▸ **What is needed**
Return every line of the data below word for word, including the punctuation.

▸ **Records to use**
::::::::
lemma sum_op_gram_histories:
  assumes "x \<in> basis_idx n d" "y \<in> basis_idx n d"
  shows "(\<Sum>h\<in>histories Out m. op_gram (basis_idx n d) (branch_op h m) x y) = op_id x y"
proof -
  have "extensions Out [] m = histories Out m"
    by (simp add: extensions_def)
  then have "(\<Sum>h\<in>histories Out m. op_gram (basis_idx n d) (branch_op h m) x y)
      = op_gram (basis_idx n d) (branch_op [] 0) x y"
    using sum_op_gram_extensions[of "[]" 0 x y m] assms by (simp add: histories_0)
  also have "\<dots> = op_id x y"
    unfolding op_gram_def using assms
    by (simp add: tens_lop_id op_id_def if_distrib sum.delta finite_basis_idx cong: if_cong)
  finally show ?thesis .
qed

lemma sum_sqnorm_extensions:
  assumes "g \<in> histories Out k" "k \<le> m"
  shows "(\<Sum>h\<in>extensions Out g m. sqnorm (basis_idx n d) (op_apply (basis_idx n d) (branch_op h m) v))
       = sqnorm (basis_idx n d) (op_apply (basis_idx n d) (branch_op g k) v)"
  using sum_op_gram_extensions[OF assms(1) _ _ assms(2)]
  unfolding sqnorm_op_apply
  by (subst sum.swap, intro sum.cong refl, subst sum.swap)
    (simp add: sum_distrib_left[symmetric] sum_distrib_right[symmetric])

end

lemma pure_state_nonzero:
  assumes "pure_state I v"
  shows "\<exists>x\<in>I. v x \<noteq> 0"
proof (rule ccontr)
  assume "\<not> (\<exists>x\<in>I. v x \<noteq> 0)"
  then have "(\<Sum>x\<in>I. (cmod (v x))\<^sup>2) = 0" by simp
  with assms show False by (simp add: pure_state_def)
qed

lemma kraus_in_SEP1:
  fixes G :: "'a::countable set" and A :: "'a \<Rightarrow> nat \<Rightarrow> lop"
  assumes "finite G" and "\<forall>h\<in>G. \<forall>j<n. loc_invertible (d j) (A h j)"
    and "kraus_complete (basis_idx n d) (\<lambda>h. tens n (A h)) G"
  shows "kraus_apply (basis_idx n d) (\<lambda>h. tens n (A h)) G \<in> SEP1 n d"
proof -
  have inj: "inj_on to_nat G"
    by (simp add: inj_on_def)
  let ?A = "\<lambda>k. A (from_nat k)"
  have "kraus_complete (basis_idx n d) (\<lambda>k. tens n (?A k)) (to_nat ` G)"
    using assms(3) unfolding kraus_complete_def by (simp add: sum.reindex[OF inj])
  moreover have "kraus_apply (basis_idx n d) (\<lambda>h. tens n (A h)) G
      = kraus_apply (basis_idx n d) (\<lambda>k. tens n (?A k)) (to_nat ` G)"
    unfolding kraus_apply_def by (intro ext) (simp add: sum.reindex[OF inj])
  ultimately show ?thesis
    unfolding SEP1_def using assms(1,2) by (intro CollectI exI[of _ "to_nat ` G"] exI[of _ ?A]) auto
qed

locale locc_transformation = locc_protocol +
  fixes \<psi> \<phi> :: "idx \<Rightarrow> complex"
  assumes psi_nonzero: "\<exists>x\<in>basis_idx n d. \<psi> x \<noteq> 0"
    and phi_nonzero: "\<exists>x\<in>basis_idx n d. \<phi> x \<noteq> 0"
    and phi_full: "j < n \<Longrightarrow> full_local_rank n d j \<phi>"
    and transforms: "kraus_apply (basis_idx n d) (\<lambda>h. locc_kraus n (basis_idx n d) L h m) (histories Out m)
      (dens (basis_idx n d) \<psi>) = dens (basis_idx n d) \<phi>"
begin

abbreviation state :: "nat list \<Rightarrow> nat \<Rightarrow> idx \<Rightarrow> complex" where
  "state h k \<equiv> op_apply (basis_idx n d) (branch_op h k) \<psi>"

lemma sum_final_states:
  assumes "x \<in> basis_idx n d" "y \<in> basis_idx n d"
  shows "(\<Sum>h\<in>histories Out m. state h m x * cnj (state h m y)) = \<phi> x * cnj (\<phi> y)"
proof -
  have "op_apply (basis_idx n d) (locc_kraus n (basis_idx n d) L h m) \<psi> z = state h m z"
    if "z \<in> basis_idx n d" for h z
    using that by (intro op_apply_cong) (simp_all add: locc_kraus_eq_tens)
  moreover have "kraus_apply (basis_idx n d) (\<lambda>h. locc_kraus n (basis_idx n d) L h m) (histories Out m)
      (dens (basis_idx n d) \<psi>) x y = \<phi> x * cnj (\<phi> y)"
    using transforms assms by (simp add: dens_def)
  ultimately show ?thesis
    unfolding kraus_apply_dens[OF assms] using assms by simp
qed

lemma final_state_proportional:
  assumes "h \<in> histories Out m"
  obtains c where "\<forall>x\<in>basis_idx n d. state h m x = c * \<phi> x"
proof -
  obtain x0 where x0: "x0 \<in> basis_idx n d" "\<phi> x0 \<noteq> 0"
    using phi_nonzero by blast
  have decomp: "\<forall>x\<in>basis_idx n d. \<forall>y\<in>basis_idx n d.
      (\<Sum>h\<in>histories Out m. state h m x * cnj (state h m y)) = \<phi> x * cnj (\<phi> y)"
    using sum_final_states by blast
  have "state h m x * \<phi> x0 = state h m x0 * \<phi> x" if "x \<in> basis_idx n d" for x
    using rank_one_decomposition_proportional[where a = "\<lambda>h. state h m",
        OF finite_histories[OF order.refl] decomp assms that x0(1)] .
  then show ?thesis
    using x0(2) by (intro that[of "state h m x0 / \<phi> x0"]) (auto simp: field_simps)
qed

lemma loc_invertible_if_final_state_nonzero:
  assumes "h \<in> histories Out m" "\<exists>x\<in>basis_idx n d. state h m x \<noteq> 0" "j < n"
  shows "loc_invertible (d j) (branch_factor d L h 0 m j)"
proof -
  obtain c where c: "\<forall>x\<in>basis_idx n d. state h m x = c * \<phi> x"
    using final_state_proportional[OF assms(1)] by blast
  with assms(2) have "c \<noteq> 0" by auto
  then show ?thesis
    using loc_invertible_if_tens_image_full[OF assms(3) _ phi_full[OF assms(3)] c] by blast
qed

lemma full_local_rank_if_state_nonzero:
  assumes g: "g \<in> histories Out k" and "k \<le> m" and j: "j < n"
    and nonzero: "\<exists>x\<in>basis_idx n d. state g k x \<noteq> 0"
  shows "full_local_rank n d j (state g k)"
proof -
  let ?I = "basis_idx n d"
  have "(\<Sum>h\<in>extensions Out g m. sqnorm ?I (state h m)) = sqnorm ?I (state g k)"
    using sum_sqnorm_extensions[OF g \<open>k \<le> m\<close>] .
  also have "\<dots> \<noteq> 0"
    using nonzero by (simp add: sqnorm_eq_0_iff finite_basis_idx)
  finally obtain h where h: "h \<in> extensions Out g m" "sqnorm ?I (state h m) \<noteq> 0"
    by (rule sum.not_neutral_contains_not_neutral)
  have hist: "h \<in> histories Out m"
    using h(1) by (simp add: extensions_def)
  have "branch_factor d L h 0 k = branch_factor d L g 0 k"
    using h(1) g by (intro branch_factor_take_cong) (simp add: extensions_def histories_def)
  then have split: "state h m x = op_apply ?I (tens n (branch_factor d L h k m)) (state g k) x"
    if "x \<in> ?I" for x
    using op_apply_branch_factor_split[OF \<open>k \<le> m\<close> that] by simp
  obtain c where c: "\<forall>x\<in>?I. state h m x = c * \<phi> x"
    using final_state_proportional[OF hist] by blast
  have "c \<noteq> 0"
    using h(2) c by (auto simp: sqnorm_eq_0_iff finite_basis_idx)
  moreover have "\<forall>x\<in>?I. op_apply ?I (tens n (branch_factor d L h k m)) (state g k) x = c * \<phi> x"
    using c split by simp
  ultimately show ?thesis
    by (rule full_local_rank_if_tens_image_full[OF j _ phi_full[OF j]])
qed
::::::::
▸ **Expected output**
lemma sum_op_gram_histories:
  assumes "x \<in> basis_idx n d" "y \<in> basis_idx n d"
  shows "(\<Sum>h\<in>histories Out m. op_gram (basis_idx n d) (branch_op h m) x y) = op_id x y"
proof -
  have "extensions Out [] m = histories Out m"
    by (simp add: extensions_def)
  then have "(\<Sum>h\<in>histories Out m. op_gram (basis_idx n d) (branch_op h m) x y)
      = op_gram (basis_idx n d) (branch_op [] 0) x y"
    using sum_op_gram_extensions[of "[]" 0 x y m] assms by (simp add: histories_0)
  also have "\<dots> = op_id x y"
    unfolding op_gram_def using assms
    by (simp add: tens_lop_id op_id_def if_distrib sum.delta finite_basis_idx cong: if_cong)
  finally show ?thesis .
qed

lemma sum_sqnorm_extensions:
  assumes "g \<in> histories Out k" "k \<le> m"
  shows "(\<Sum>h\<in>extensions Out g m. sqnorm (basis_idx n d) (op_apply (basis_idx n d) (branch_op h m) v))
       = sqnorm (basis_idx n d) (op_apply (basis_idx n d) (branch_op g k) v)"
  using sum_op_gram_extensions[OF assms(1) _ _ assms(2)]
  unfolding sqnorm_op_apply
  by (subst sum.swap, intro sum.cong refl, subst sum.swap)
    (simp add: sum_distrib_left[symmetric] sum_distrib_right[symmetric])

end

lemma pure_state_nonzero:
  assumes "pure_state I v"
  shows "\<exists>x\<in>I. v x \<noteq> 0"
proof (rule ccontr)
  assume "\<not> (\<exists>x\<in>I. v x \<noteq> 0)"
  then have "(\<Sum>x\<in>I. (cmod (v x))\<^sup>2) = 0" by simp
  with assms show False by (simp add: pure_state_def)
qed

lemma kraus_in_SEP1:
  fixes G :: "'a::countable set" and A :: "'a \<Rightarrow> nat \<Rightarrow> lop"
  assumes "finite G" and "\<forall>h\<in>G. \<forall>j<n. loc_invertible (d j) (A h j)"
    and "kraus_complete (basis_idx n d) (\<lambda>h. tens n (A h)) G"
  shows "kraus_apply (basis_idx n d) (\<lambda>h. tens n (A h)) G \<in> SEP1 n d"
proof -
  have inj: "inj_on to_nat G"
    by (simp add: inj_on_def)
  let ?A = "\<lambda>k. A (from_nat k)"
  have "kraus_complete (basis_idx n d) (\<lambda>k. tens n (?A k)) (to_nat ` G)"
    using assms(3) unfolding kraus_complete_def by (simp add: sum.reindex[OF inj])
  moreover have "kraus_apply (basis_idx n d) (\<lambda>h. tens n (A h)) G
      = kraus_apply (basis_idx n d) (\<lambda>k. tens n (?A k)) (to_nat ` G)"
    unfolding kraus_apply_def by (intro ext) (simp add: sum.reindex[OF inj])
  ultimately show ?thesis
    unfolding SEP1_def using assms(1,2) by (intro CollectI exI[of _ "to_nat ` G"] exI[of _ ?A]) auto
qed

locale locc_transformation = locc_protocol +
  fixes \<psi> \<phi> :: "idx \<Rightarrow> complex"
  assumes psi_nonzero: "\<exists>x\<in>basis_idx n d. \<psi> x \<noteq> 0"
    and phi_nonzero: "\<exists>x\<in>basis_idx n d. \<phi> x \<noteq> 0"
    and phi_full: "j < n \<Longrightarrow> full_local_rank n d j \<phi>"
    and transforms: "kraus_apply (basis_idx n d) (\<lambda>h. locc_kraus n (basis_idx n d) L h m) (histories Out m)
      (dens (basis_idx n d) \<psi>) = dens (basis_idx n d) \<phi>"
begin

abbreviation state :: "nat list \<Rightarrow> nat \<Rightarrow> idx \<Rightarrow> complex" where
  "state h k \<equiv> op_apply (basis_idx n d) (branch_op h k) \<psi>"

lemma sum_final_states:
  assumes "x \<in> basis_idx n d" "y \<in> basis_idx n d"
  shows "(\<Sum>h\<in>histories Out m. state h m x * cnj (state h m y)) = \<phi> x * cnj (\<phi> y)"
proof -
  have "op_apply (basis_idx n d) (locc_kraus n (basis_idx n d) L h m) \<psi> z = state h m z"
    if "z \<in> basis_idx n d" for h z
    using that by (intro op_apply_cong) (simp_all add: locc_kraus_eq_tens)
  moreover have "kraus_apply (basis_idx n d) (\<lambda>h. locc_kraus n (basis_idx n d) L h m) (histories Out m)
      (dens (basis_idx n d) \<psi>) x y = \<phi> x * cnj (\<phi> y)"
    using transforms assms by (simp add: dens_def)
  ultimately show ?thesis
    unfolding kraus_apply_dens[OF assms] using assms by simp
qed

lemma final_state_proportional:
  assumes "h \<in> histories Out m"
  obtains c where "\<forall>x\<in>basis_idx n d. state h m x = c * \<phi> x"
proof -
  obtain x0 where x0: "x0 \<in> basis_idx n d" "\<phi> x0 \<noteq> 0"
    using phi_nonzero by blast
  have decomp: "\<forall>x\<in>basis_idx n d. \<forall>y\<in>basis_idx n d.
      (\<Sum>h\<in>histories Out m. state h m x * cnj (state h m y)) = \<phi> x * cnj (\<phi> y)"
    using sum_final_states by blast
  have "state h m x * \<phi> x0 = state h m x0 * \<phi> x" if "x \<in> basis_idx n d" for x
    using rank_one_decomposition_proportional[where a = "\<lambda>h. state h m",
        OF finite_histories[OF order.refl] decomp assms that x0(1)] .
  then show ?thesis
    using x0(2) by (intro that[of "state h m x0 / \<phi> x0"]) (auto simp: field_simps)
qed

lemma loc_invertible_if_final_state_nonzero:
  assumes "h \<in> histories Out m" "\<exists>x\<in>basis_idx n d. state h m x \<noteq> 0" "j < n"
  shows "loc_invertible (d j) (branch_factor d L h 0 m j)"
proof -
  obtain c where c: "\<forall>x\<in>basis_idx n d. state h m x = c * \<phi> x"
    using final_state_proportional[OF assms(1)] by blast
  with assms(2) have "c \<noteq> 0" by auto
  then show ?thesis
    using loc_invertible_if_tens_image_full[OF assms(3) _ phi_full[OF assms(3)] c] by blast
qed

lemma full_local_rank_if_state_nonzero:
  assumes g: "g \<in> histories Out k" and "k \<le> m" and j: "j < n"
    and nonzero: "\<exists>x\<in>basis_idx n d. state g k x \<noteq> 0"
  shows "full_local_rank n d j (state g k)"
proof -
  let ?I = "basis_idx n d"
  have "(\<Sum>h\<in>extensions Out g m. sqnorm ?I (state h m)) = sqnorm ?I (state g k)"
    using sum_sqnorm_extensions[OF g \<open>k \<le> m\<close>] .
  also have "\<dots> \<noteq> 0"
    using nonzero by (simp add: sqnorm_eq_0_iff finite_basis_idx)
  finally obtain h where h: "h \<in> extensions Out g m" "sqnorm ?I (state h m) \<noteq> 0"
    by (rule sum.not_neutral_contains_not_neutral)
  have hist: "h \<in> histories Out m"
    using h(1) by (simp add: extensions_def)
  have "branch_factor d L h 0 k = branch_factor d L g 0 k"
    using h(1) g by (intro branch_factor_take_cong) (simp add: extensions_def histories_def)
  then have split: "state h m x = op_apply ?I (tens n (branch_factor d L h k m)) (state g k) x"
    if "x \<in> ?I" for x
    using op_apply_branch_factor_split[OF \<open>k \<le> m\<close> that] by simp
  obtain c where c: "\<forall>x\<in>?I. state h m x = c * \<phi> x"
    using final_state_proportional[OF hist] by blast
  have "c \<noteq> 0"
    using h(2) c by (auto simp: sqnorm_eq_0_iff finite_basis_idx)
  moreover have "\<forall>x\<in>?I. op_apply ?I (tens n (branch_factor d L h k m)) (state g k) x = c * \<phi> x"
    using c split by simp
  ultimately show ?thesis
    by (rule full_local_rank_if_tens_image_full[OF j _ phi_full[OF j]])
qed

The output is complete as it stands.